Some platforms give you choices to pick the fiat or stablecoin you want as the loan surpasses the high fee. Crypto loans may not be as cheap as mortgage loans, but they are cheaper than credit cards and personal loans. Crypto loans can be availed at interest rates lower than 10% One can borrow up to 50% of their portfolio value. Some exchanges give out up to 90%.
Fast funding
There are few chances that you can get a loan sanctioned and offered immediately to serve your rushed needs. Even if there is a way, it depends on many factors that not everyone can fulfill. Most crypto lending platforms approve loans within 24 hours, and you do not have to submit stacks of documents for approval. You have to have cryptocurrency or, in some cases, fiat currency to deposit as collateral. in addition, you also need a piece of government-issued ID. That is all it takes to get you instant funding.
Loan Security
Most crypto lending platforms lay out their security measures clearly on their websites. Ideally, 95% or more lent funds should be stored in cold wallets. This means that the crypto collateral is stored virtually and is impossible to hack. Some platforms even store 100% of the funds offline. Usually, platforms outline the security measures they have set up against DDoS attacks. Some platforms also insure the digital assets on the platform.
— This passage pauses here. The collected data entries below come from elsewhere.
section \<open>Transferring beta* to a direct summand\<close>

text \<open>Let M = D \<oplus> E0.  Smallness over Z of K' in M passes to smallness over Z' of K in D,
  provided Z \<le> Z' + E0 and K \<le> K' + E0: a submodule L \<le> D with Z' \<le> L and K + L = D
  gives the submodule L + E0 of M with Z \<le> L + E0 and K' + (L + E0) = M.\<close>
lemma small_over_restrict:
  assumes DE0: "complements M D E0"
    and Z': "Z' \<subseteq> D" and K': "submodule M K'" and K: "K \<subseteq> D"
    and ZZ': "Z \<subseteq> msum M Z' E0" and KK': "K \<subseteq> msum M K' E0"
    and small: "small_over M Z K'"
  shows "small_over (submod M D) Z' K"
proof -
  have D: "submodule M D" and E0: "submodule M E0"
    using DE0 unfolding complements_def by auto
  have "L = D" if L: "submodule M L" "L \<subseteq> D" "Z' \<subseteq> L" "msum M K L = D" for L
  proof -
    define T where "T = msum M L E0"
    have T: "submodule M T" unfolding T_def using submodule_msum[OF L(1) E0] .
    have LT: "L \<subseteq> T" and E0T: "E0 \<subseteq> T"
      unfolding T_def using msum_upper1[OF E0] msum_upper2[OF L(1)] submoduleD(1) L(1) E0
      by auto
    have K'T: "submodule M (msum M K' T)" using submodule_msum[OF K' T] .
    have T_in: "T \<subseteq> msum M K' T" using msum_upper2[OF K' submoduleD(1)[OF T]] .
    have "Z \<subseteq> T" using ZZ' msum_mono[OF L(3) order_refl, of M E0] unfolding T_def by blast
    moreover have "msum M K' T = mcarrier M"
    proof
      show "msum M K' T \<subseteq> mcarrier M" using submoduleD(1)[OF K'T] .
      have "K \<subseteq> msum M K' T" using KK' msum_mono[OF order_refl E0T, of M K'] by blast
      then have "D \<subseteq> msum M K' T" using L(4) msum_least[OF K'T _ order_trans[OF LT T_in]] by blast
      then show "mcarrier M \<subseteq> msum M K' T"
        using DE0 msum_least[OF K'T _ order_trans[OF E0T T_in]] unfolding complements_def by metis
    qed
    ultimately have "T = mcarrier M" using small T unfolding small_over_def by blast
    then show "L = D" using complement_unique_below[OF DE0 L(1,2)] unfolding T_def by blast
  qed
  then show ?thesis unfolding small_over_def submodule_submod[OF D] by auto
qed

lemma beta_star_restrict:
  assumes DE0: "complements M D E0"
    and X: "submodule M X" "X \<subseteq> D" and D': "submodule M D'" "D' \<subseteq> D" and P: "submodule M P"
    and PD': "P \<subseteq> msum M D' E0" and D'P: "D' \<subseteq> msum M P E0"
    and beta: "beta_star M X P"
  shows "beta_star (submod M D) X D'"
proof -
  have D: "submodule M D" and E0: "submodule M E0"
    using DE0 unfolding complements_def by auto
  interpret D: rmodule "submod M D" using rmodule_submod[OF D] .
  have XP: "submodule M (msum M X P)" using submodule_msum[OF X(1) P] .
  have XD'_in: "msum M X D' \<subseteq> D" using msum_least[OF D X(2) D'(2)] .
  have XPE0: "submodule M (msum M (msum M X P) E0)" using submodule_msum[OF XP E0] .
  have XP_in: "msum M X P \<subseteq> msum M (msum M X P) E0"
    using msum_upper1[OF E0 submoduleD(1)[OF XP]] .
  have "X \<subseteq> msum M (msum M X P) E0"
    using XP_in msum_upper1[OF P submoduleD(1)[OF X(1)]] by blast
  moreover have "D' \<subseteq> msum M (msum M X P) E0"
    using D'P msum_mono[OF msum_upper2[OF X(1) submoduleD(1)[OF P]] order_refl, of M E0] by blast
  ultimately have XD'_XP: "msum M X D' \<subseteq> msum M (msum M X P) E0"
    using msum_least[OF XPE0] by blast
  have X_XE0: "X \<subseteq> msum M X E0" using msum_upper1[OF E0 submoduleD(1)[OF X(1)]] .
  have "small_over M X (msum M X P)" "small_over M P (msum M X P)"
    using beta beta_star_iff[OF X(1) P] by auto
  then have "small_over (submod M D) X (msum M X D')" "small_over (submod M D) D' (msum M X D')"
    using small_over_restrict[OF DE0 X(2) XP XD'_in X_XE0 XD'_XP]
      small_over_restrict[OF DE0 D'(2) XP XD'_in PD' XD'_XP] by auto
  then show ?thesis
    using D.beta_star_iff submodule_submod[OF D] X D' by simp
qed

end

theorem proposition3p12:
  fixes M :: "('r::ring_1, 'm) rmod" and D :: "'m set"
  assumes "right_module M"
    and "principally_goldie_star_lifting M"
    and "SSP M"
    and "direct_summand M D"
  shows "principally_goldie_star_lifting (submod M D)"
  unfolding principally_goldie_star_lifting_def
proof (intro allI impI)
  interpret rmodule M using assms(1) by (rule rmodule.intro)
  obtain E0 where DE0: "complements M D E0" using assms(4) direct_summand_iff by blast
  have D: "submodule M D" and E0: "submodule M E0" using DE0 complements_def by auto
  fix X assume "cyclic_submodule (submod M D) X"
  then have cX: "cyclic_submodule M X" and XD: "X \<subseteq> D"
    using cyclic_submodule_submod[OF D] by auto
  obtain P where P: "direct_summand M P" "beta_star M X P"
    using assms(2) cX unfolding principally_goldie_star_lifting_def by blast
  have Ps: "submodule M P" using P(1) direct_summand_def by blast
  have "direct_summand M (msum M P E0)"
    using assms(3) P(1) complements_sym[OF DE0] unfolding SSP_def direct_summand_iff by blast
  then obtain E where PE0: "complements M (msum M P E0) E" using direct_summand_iff by blast
  let ?D' = "D \<inter> msum M P E0"
  have E0_in: "E0 \<subseteq> msum M P E0" using msum_upper2[OF Ps submoduleD(1)[OF E0]] .
  have D'E0: "msum M ?D' E0 = msum M P E0" and summand: "direct_summand (submod M D) ?D'"
    using complement_restrict[OF DE0 PE0 E0_in] by auto
  have "beta_star (submod M D) X ?D'"
  proof (rule beta_star_restrict[OF DE0 _ XD _ _ Ps _ _ P(2)])
    show "submodule M X" using cyclic_submodule_is_submodule[OF cX] .
    show "submodule M ?D'" using submodule_Int[OF D submodule_msum[OF Ps E0]] .
    show "P \<subseteq> msum M ?D' E0" using D'E0 msum_upper1[OF E0 submoduleD(1)[OF Ps]] by simp
  qed auto
  then show "\<exists>D'. direct_summand (submod M D) D' \<and> beta_star (submod M D) X D'"
    using summand by blast
qed

end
Future of Crypto Lending Platforms
Cryptocurrencies serve as excellent collaterals because of their ease of sale and liquidity. Crypto lending platforms consider liquidation as a key part of the crypto-lending ecosystem. Comparatively, the traditional mortgage system has an elaborate process for foreclosure and lending as a whole, for that matter. Meanwhile, crypto lendings take only seconds to process a loan and enable crypto liquidations that ensure the system’s efficiency. As the lending industry grows, it offers several opportunities for crypto holders to yield, gain liquidity and even increase their assets’ productivity passively.